[MHml] Ackermann for cats : pdf file
multihulls at steamradio.com
Fri Mar 2 14:23:09 EST 2001
Brian Southwood wrote:
> Thanks Martin,
> An interesting analysis. ...
> Tom Speer in particular may have some valuable comment on the hydrodynamics of
> the foils involved.
Thanks, Brian for drawing me in to this tar baby ;-)
My analysis can be found at
In a nutshell, here's what I found:
- When you include leeway (skidding), the geometry is basically
as Martin set it up, but the turning center is moved forward by
the amount of the leeway angle. This effectively changes the
distance to the rudders.
- The large rudder deflection needed for tight turns gets to the
point where the linkage inverts itself - where the inside tiller
and the link line up and the outside rudder reaches its maximum
- There's a tradeoff between balancing the two rudders with the
Ackermann angle and not having the linkage lock up too soon. Low
Ackermann angles promote stall on the outside rudder, but allow
both rudders to deflect enough to match the turn radius. Large
Ackermann angles could limit the rudder deflection and thus the
- When I used the numbers for Martin's boat, plus some additional
parameters I only guessed at, it looks to me like the most
suitable Ackermann angle is much less than Martin derived - more
on the order of 10 to 15 degrees than his 35 degrees. And the
corresponding turn radius (measured to the center of the boat)
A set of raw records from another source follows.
(* Let $n\ge0$ be an integer and let $B^*$ be the unique positive zero of $B\mapsto(2n+1)-BF'_{2n+1}(B)/F_{2n+1}(B)$. Then $B^*\ge\sqrt{n}$.
   Context: For $q>0$, $F_q(y):=\int_0^\infty u^{q-1}e^{yu-u^2/2}\,\mathrm{d}u$ for $y\in\mathbb{R}$. It is known that the function $B\mapsto(2n+1)-BF'_{2n+1}(B)/F_{2n+1}(B)$ is strictly decreasing with a unique zero $B^*>0$. Moreover, $\frac{\partial}{\partial B}\frac{B^{2n+1}}{F_{2n+1}(B)}>0$ if and only if $B<B^*$. *)

theory Defs
  imports "HOL-Analysis.Analysis"
begin

definition F :: "real \<Rightarrow> real \<Rightarrow> real" where
  "F q y = integral {0..} (\<lambda>u. u powr (q - 1) * exp (y * u - u\<^sup>2 / 2))"

end

theory Submission
  imports Defs "HOL-Real_Asymp.Real_Asymp"
begin

text \<open>Write \<open>I k y\<close> for the integral of \<open>u^k exp(y u - u^2/2)\<close> over \<open>[0, \<infinity>)\<close>, so that
  \<open>F (k+1) = I k\<close> and, differentiating under the integral, \<open>F' (k+1) = I (k+1)\<close>. Integrating the
  derivative of \<open>u^(k+1) exp(y u - u^2/2)\<close> gives \<open>I (k+2) = y I (k+1) + (k+1) I k\<close>, and positivity of
  the integral of \<open>u^k (u - t)^2 exp(y u - u^2/2)\<close> for every \<open>t\<close> gives the Cauchy-Schwarz
  inequality \<open>I (k+1)^2 \<le> I k I (k+2)\<close>. At a critical point \<open>B I (k+1) = (k+1) I k\<close> the recurrence
  yields \<open>I (k+2) = 2(k+1) I k\<close>, so Cauchy-Schwarz becomes \<open>(k+1)^2 \<le> 2(k+1) B^2\<close>; for \<open>k = 2n\<close>
  this is \<open>B^2 \<ge> n + 1/2\<close>.\<close>

lemma power_le_fact_mult_exp:
  fixes u :: real
  assumes "u \<ge> 0"
  shows "u ^ k \<le> fact k * exp u"
proof -
  obtain t where t: "exp u = (\<Sum>m<Suc k. u ^ m / fact m) + exp t / fact (Suc k) * u ^ Suc k"
    using Maclaurin_exp_le[of u "Suc k"] by blast
  have "u ^ k / fact k \<le> (\<Sum>m<Suc k. u ^ m / fact m)"
    by (rule member_le_sum[where f = "\<lambda>m. u ^ m / fact m"]) (use assms in auto)
  also have "\<dots> \<le> exp u"
    unfolding t using assms by (intro add_increasing2) auto
  finally show ?thesis
    by (simp add: field_simps)
qed

lemma tendsto_integral_atLeastAtMost_at_top:
  fixes f :: "real \<Rightarrow> real"
  assumes "f absolutely_integrable_on {a..}"
  shows "((\<lambda>b. integral {a..b} f) \<longlongrightarrow> integral {a..} f) at_top"
proof -
  have "((\<lambda>b. LINT x:{a..b}|lebesgue. f x) \<longlongrightarrow> (LINT x:{a..}|lebesgue. f x)) at_top"
    by (rule tendsto_set_lebesgue_integral_at_top) (use assms in auto)
  moreover have "(LINT x:{a..b}|lebesgue. f x) = integral {a..b} f" for b
    by (rule set_lebesgue_integral_eq_integral(2), rule set_integrable_subset[OF assms]) auto
  ultimately show ?thesis
    using set_lebesgue_integral_eq_integral(2)[OF assms] by simp
qed

lemma integral_atLeast_FTC:
  fixes f F :: "real \<Rightarrow> real"
  assumes deriv: "\<And>u. u \<ge> a \<Longrightarrow> (F has_real_derivative f u) (at u)"
    and integrable: "f absolutely_integrable_on {a..}"
    and lim: "(F \<longlongrightarrow> L) at_top"
  shows "integral {a..} f = L - F a"
proof (rule tendsto_unique[OF _ tendsto_integral_atLeastAtMost_at_top[OF integrable]])
  have "integral {a..b} f = F b - F a" if "b \<ge> a" for b
    using that deriv
    by (intro integral_unique fundamental_theorem_of_calculus)
       (auto simp: has_real_derivative_iff_has_vector_derivative intro: has_vector_derivative_at_within)
  then have "\<forall>\<^sub>F b in at_top. F b - F a = integral {a..b} f"
    by (auto intro: eventually_at_top_linorderI[of a])
  then show "((\<lambda>b. integral {a..b} f) \<longlongrightarrow> L - F a) at_top"
    by (rule Lim_transform_eventually[OF tendsto_diff[OF lim tendsto_const]])
qed simp

lemma has_real_derivative_of_quadratic_remainder:
  fixes f :: "real \<Rightarrow> real"
  assumes "\<And>h. \<bar>h\<bar> < 1 \<Longrightarrow> \<bar>f (y + h) - f y - h * D\<bar> \<le> h\<^sup>2 * K"
  shows "(f has_real_derivative D) (at y)"
proof -
  have "\<forall>\<^sub>F h in at 0. h \<noteq> 0 \<and> \<bar>h\<bar> < (1::real)"
    unfolding eventually_at by (rule exI[of _ 1]) (auto simp: dist_real_def)
  then have "\<forall>\<^sub>F h in at 0. norm ((f (y + h) - f y) / h - D) \<le> \<bar>h\<bar> * K"
  proof (rule eventually_mono)
    fix h :: real
    assume h: "h \<noteq> 0 \<and> \<bar>h\<bar> < 1"
    then have "\<bar>f (y + h) - f y - h * D\<bar> / \<bar>h\<bar> \<le> h\<^sup>2 * K / \<bar>h\<bar>"
      by (intro divide_right_mono assms) auto
    then show "norm ((f (y + h) - f y) / h - D) \<le> \<bar>h\<bar> * K"
      using h by (auto simp: power2_eq_square abs_divide diff_divide_distrib[symmetric] field_simps)
  qed
  moreover have "((\<lambda>h. \<bar>h\<bar> * K) \<longlongrightarrow> 0) (at 0)"
    by (auto intro!: tendsto_eq_intros)
  ultimately have "((\<lambda>h. (f (y + h) - f y) / h - D) \<longlongrightarrow> 0) (at 0)"
    by (rule Lim_null_comparison)
  then show ?thesis
    by (simp add: DERIV_def LIM_zero_iff)
qed

definition gauss_kernel :: "nat \<Rightarrow> real \<Rightarrow> real \<Rightarrow> real" where
  "gauss_kernel k y u = u ^ k * exp (y * u - u\<^sup>2 / 2)"

definition gauss_moment :: "nat \<Rightarrow> real \<Rightarrow> real" where
  "gauss_moment k y = integral {0..} (gauss_kernel k y)"

lemma F_eq_gauss_moment: "F (real k + 1) = gauss_moment k"
proof
  fix y
  have "gauss_kernel k y u = u powr (real k + 1 - 1) * exp (y * u - u\<^sup>2 / 2)"
    if "u \<in> {0..} - {0}" for u
    using that by (simp add: gauss_kernel_def powr_realpow)
  then show "F (real k + 1) y = gauss_moment k y"
    unfolding F_def gauss_moment_def by (intro integral_spike[of "{0}"]) auto
qed

lemma gauss_kernel_nonneg: "u \<ge> 0 \<Longrightarrow> gauss_kernel k y u \<ge> 0"
  by (simp add: gauss_kernel_def)

lemma continuous_on_gauss_kernel: "continuous_on S (gauss_kernel k y)"
  unfolding gauss_kernel_def by (intro continuous_intros) auto

lemma gauss_kernel_le_exp_minus:
  assumes "u \<ge> 0"
  shows "gauss_kernel k y u \<le> fact k * exp ((y + 2)\<^sup>2 / 2) * exp (- u)"
proof -
  have "(y + 1) * u - u\<^sup>2 / 2 \<le> (y + 2)\<^sup>2 / 2 - u"
    using zero_le_power2[of "u - (y + 2)"] by (simp add: power2_eq_square algebra_simps)
  then have "exp u * exp (y * u - u\<^sup>2 / 2) \<le> exp ((y + 2)\<^sup>2 / 2) * exp (- u)"
    by (simp add: mult_exp_exp algebra_simps)
  moreover have "u ^ k \<le> fact k * exp u"
    using assms by (rule power_le_fact_mult_exp)
  ultimately show ?thesis
    unfolding gauss_kernel_def
    by (smt (verit) exp_gt_zero mult.assoc mult_left_mono mult_right_mono fact_ge_zero)
qed

lemma gauss_kernel_absolutely_integrable: "gauss_kernel k y absolutely_integrable_on {0..}"
proof (rule measurable_bounded_by_integrable_imp_absolutely_integrable)
  show "gauss_kernel k y \<in> borel_measurable (lebesgue_on {0..})"
    by (intro continuous_imp_measurable_on_sets_lebesgue continuous_on_gauss_kernel) auto
  show "(\<lambda>u. fact k * exp ((y + 2)\<^sup>2 / 2) * exp (- u)) integrable_on {0..}"
    using integrable_on_cmult_left[OF integrable_on_exp_minus_to_infinity[of 1 0]] by simp
qed (auto simp: gauss_kernel_nonneg gauss_kernel_le_exp_minus)

lemma gauss_kernel_integrable: "gauss_kernel k y integrable_on {0..}"
  using gauss_kernel_absolutely_integrable by (rule set_lebesgue_integral_eq_integral(1))

lemma gauss_kernel_tendsto_0: "(gauss_kernel k y \<longlongrightarrow> 0) at_top"
proof (rule Lim_null_comparison)
  show "\<forall>\<^sub>F u in at_top. norm (gauss_kernel k y u) \<le> fact k * exp ((y + 2)\<^sup>2 / 2) * exp (- u)"
    by (intro eventually_at_top_linorderI[of 0]) (simp add: gauss_kernel_nonneg gauss_kernel_le_exp_minus)
  show "((\<lambda>u. fact k * exp ((y + 2)\<^sup>2 / 2) * exp (- u :: real)) \<longlongrightarrow> 0) at_top"
    by real_asymp
qed

lemma gauss_moment_nonneg: "gauss_moment k y \<ge> 0"
  unfolding gauss_moment_def
  by (intro integral_nonneg gauss_kernel_integrable) (auto intro: gauss_kernel_nonneg)

lemma gauss_kernel_shift: "gauss_kernel k (y + h) u = gauss_kernel k y u * exp (h * u)"
  unfolding gauss_kernel_def by (simp add: algebra_simps flip: exp_add)

text \<open>Taylor's bound \<open>|e\<^sup>x - 1 - x| \<le> x\<^sup>2 e\<^bsup>|x|\<^esup>\<close> at \<open>x = hu\<close>; for \<open>|h| \<le> 1\<close> the factor
  \<open>e\<^sup>u\<close> is absorbed by shifting the parameter from \<open>y\<close> to \<open>y + 1\<close>.\<close>
lemma gauss_moment_remainder_bound:
  assumes "\<bar>h\<bar> \<le> 1"
  shows "\<bar>gauss_moment k (y + h) - gauss_moment k y - h * gauss_moment (Suc k) y\<bar>
           \<le> h\<^sup>2 * gauss_moment (k + 2) (y + 1)"
proof -
  let ?r = "\<lambda>u. gauss_kernel k (y + h) u - gauss_kernel k y u - h * gauss_kernel (Suc k) y u"
  have "\<bar>?r u\<bar> \<le> h\<^sup>2 * gauss_kernel (k + 2) (y + 1) u" if u: "u \<ge> 0" for u
  proof -
    have "\<bar>exp (h * u) - 1 - h * u\<bar> \<le> exp \<bar>h * u\<bar> * (h * u)\<^sup>2"
      using Taylor_exp_field[of "h * u" 1] by (simp add: eval_nat_numeral diff_diff_eq)
    also have "\<dots> \<le> exp u * (h * u)\<^sup>2"
      using assms u by (intro mult_right_mono) (auto simp: abs_mult mult_left_le_one_le)
    finally have taylor: "\<bar>exp (h * u) - 1 - h * u\<bar> \<le> exp u * (h * u)\<^sup>2" .
    have "?r u = gauss_kernel k y u * (exp (h * u) - 1 - h * u)"
      unfolding gauss_kernel_shift by (simp add: gauss_kernel_def algebra_simps)
    then have "\<bar>?r u\<bar> = gauss_kernel k y u * \<bar>exp (h * u) - 1 - h * u\<bar>"
      by (simp add: abs_mult gauss_kernel_nonneg[OF u])
    also have "\<dots> \<le> gauss_kernel k y u * (exp u * (h * u)\<^sup>2)"
      using taylor gauss_kernel_nonneg[OF u] by (rule mult_left_mono)
    also have "\<dots> = h\<^sup>2 * gauss_kernel (k + 2) (y + 1) u"
      unfolding gauss_kernel_shift
      by (simp add: gauss_kernel_def power_add power2_eq_square algebra_simps)
    finally show ?thesis .
  qed
  then have "norm (integral {0..} ?r) \<le> integral {0..} (\<lambda>u. h\<^sup>2 * gauss_kernel (k + 2) (y + 1) u)"
    by (intro integral_norm_bound_integral)
       (auto intro!: integrable_diff integrable_on_mult_right gauss_kernel_integrable)
  then show ?thesis
    by (simp add: gauss_moment_def integral_diff integrable_diff integrable_on_mult_right
        gauss_kernel_integrable)
qed

lemma gauss_moment_has_real_derivative:
  "(gauss_moment k has_real_derivative gauss_moment (Suc k) y) (at y)"
  by (rule has_real_derivative_of_quadratic_remainder[where K = "gauss_moment (k + 2) (y + 1)"])
     (rule gauss_moment_remainder_bound, simp)

lemma gauss_kernel_has_real_derivative:
  "(gauss_kernel (Suc k) y has_real_derivative
     (real k + 1) * gauss_kernel k y u + y * gauss_kernel (Suc k) y u - gauss_kernel (k + 2) y u) (at u)"
  unfolding gauss_kernel_def
  by (rule DERIV_cong[OF DERIV_mult[OF DERIV_pow]], auto intro!: derivative_eq_intros)
     (simp add: power2_eq_square algebra_simps)

lemma gauss_moment_recurrence:
  "gauss_moment (k + 2) y = y * gauss_moment (Suc k) y + (real k + 1) * gauss_moment k y"
proof -
  let ?f = "\<lambda>u. (real k + 1) * gauss_kernel k y u + y * gauss_kernel (Suc k) y u
                 - gauss_kernel (k + 2) y u"
  have "integral {0..} ?f = 0 - gauss_kernel (Suc k) y 0"
    by (rule integral_atLeast_FTC[OF gauss_kernel_has_real_derivative _ gauss_kernel_tendsto_0])
       (intro set_integral_diff set_integral_add set_integrable_mult_right
         gauss_kernel_absolutely_integrable)
  moreover have "gauss_kernel (Suc k) y 0 = 0"
    by (simp add: gauss_kernel_def)
  ultimately show ?thesis
    by (simp add: gauss_moment_def integral_add integral_diff integrable_add
        integrable_on_mult_right gauss_kernel_integrable)
qed

lemma gauss_moment_quadratic_nonneg:
  "0 \<le> gauss_moment (k + 2) y - 2 * t * gauss_moment (Suc k) y + t\<^sup>2 * gauss_moment k y"
proof -
  let ?q = "\<lambda>u. gauss_kernel (k + 2) y u - 2 * t * gauss_kernel (Suc k) y u
                 + t\<^sup>2 * gauss_kernel k y u"
  have q_integrable: "?q integrable_on {0..}"
    by (intro integrable_add integrable_diff integrable_on_mult_right gauss_kernel_integrable)
  have "?q u = gauss_kernel k y u * (u - t)\<^sup>2" for u
    by (simp add: gauss_kernel_def power2_eq_square algebra_simps)
  then have "integral {0..} ?q \<ge> 0"
    using q_integrable by (auto intro!: integral_nonneg mult_nonneg_nonneg gauss_kernel_nonneg)
  then show ?thesis
    using q_integrable
    by (simp add: gauss_moment_def integral_add integral_diff integrable_diff
        integrable_on_mult_right gauss_kernel_integrable)
qed

lemma discriminant_le_of_quadratic_nonneg:
  fixes a b c :: real
  assumes "a \<ge> 0" and "\<And>t. 0 \<le> c - 2 * t * b + t\<^sup>2 * a"
  shows "b\<^sup>2 \<le> a * c"
proof (cases "a = 0")
  case True
  have "b = 0"
  proof (rule ccontr)
    assume "b \<noteq> 0"
    then show False
      using assms(2)[of "(c + 1) / (2 * b)"] True by (simp add: field_simps)
  qed
  then show ?thesis
    using assms(2)[of 0] True by simp
next
  case False
  then show ?thesis
    using assms(1) assms(2)[of "b / a"] by (simp add: field_simps power2_eq_square)
qed

lemma gauss_moment_cauchy_schwarz:
  "gauss_moment (Suc k) y ^ 2 \<le> gauss_moment k y * gauss_moment (k + 2) y"
  by (rule discriminant_le_of_quadratic_nonneg[OF gauss_moment_nonneg gauss_moment_quadratic_nonneg])

lemma gauss_moment_critical_point_bound:
  assumes pos: "gauss_moment k y > 0"
    and critical: "y * gauss_moment (Suc k) y = (real k + 1) * gauss_moment k y"
  shows "real k + 1 \<le> 2 * y\<^sup>2"
proof -
  define q a b where "q = real k + 1" and "a = gauss_moment k y" and "b = gauss_moment (Suc k) y"
  have "gauss_moment (k + 2) y = 2 * q * a"
    using gauss_moment_recurrence[of k y] critical by (simp add: q_def a_def)
  then have "b\<^sup>2 \<le> a * (2 * q * a)"
    using gauss_moment_cauchy_schwarz[of k y] by (simp add: a_def b_def)
  then have "(q * a)\<^sup>2 \<le> y\<^sup>2 * (a * (2 * q * a))"
    using critical unfolding q_def a_def b_def
    by (metis power_mult_distrib mult_left_mono zero_le_power2)
  then have "q * (q * a\<^sup>2) \<le> q * (2 * y\<^sup>2 * a\<^sup>2)"
    by (simp add: power2_eq_square algebra_simps)
  then have "q * a\<^sup>2 \<le> 2 * y\<^sup>2 * a\<^sup>2"
    by (rule mult_left_le_imp_le) (simp add: q_def)
  then show ?thesis
    using pos by (simp add: q_def a_def)
qed

theorem lemma2p1:
  fixes n :: nat and Bstar :: real
  assumes "Bstar > 0"
    and "real (2*n+1) - Bstar * deriv (F (real (2*n+1))) Bstar / F (real (2*n+1)) Bstar = 0"
  shows "Bstar \<ge> sqrt (real n)"
proof -
  have F_eq: "F (real (2 * n + 1)) = gauss_moment (2 * n)"
    using F_eq_gauss_moment[of "2 * n"] by (simp add: add.commute)
  have "deriv (gauss_moment (2 * n)) Bstar = gauss_moment (Suc (2 * n)) Bstar"
    by (rule DERIV_imp_deriv[OF gauss_moment_has_real_derivative])
  then have critical: "real (2 * n) + 1 = Bstar * gauss_moment (Suc (2 * n)) Bstar / gauss_moment (2 * n) Bstar"
    using assms(2) unfolding F_eq by simp
  then have "gauss_moment (2 * n) Bstar \<noteq> 0"
    by auto
  then have "gauss_moment (2 * n) Bstar > 0"
    using gauss_moment_nonneg[of "2 * n" Bstar] by simp
  moreover from this critical
  have "Bstar * gauss_moment (Suc (2 * n)) Bstar = (real (2 * n) + 1) * gauss_moment (2 * n) Bstar"
    by (simp add: field_simps)
  ultimately have "real (2 * n) + 1 \<le> 2 * Bstar\<^sup>2"
    by (rule gauss_moment_critical_point_bound)
  then have "sqrt (real n) \<le> sqrt (Bstar\<^sup>2)"
    by (intro real_sqrt_le_mono) simp
  with assms(1) show ?thesis
    by simp
qed

end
was around 1 to 2 beam-widths.
- The turn radius is pretty much dictated by the stall angles of
the hull and rudders.
- It's better to drive the rudders from the inside tiller than
the link or the outside tiller because then you have full control
throughout the range of motion.
I didn't get into the whole yaw moment balance, but that looked
to be the deciding factor on establishing the speed at which the
boat would turn best. The more I got into it, the more I ended
up trying to analyze the whole boat. The number of free
parameters was multiplying pretty fast!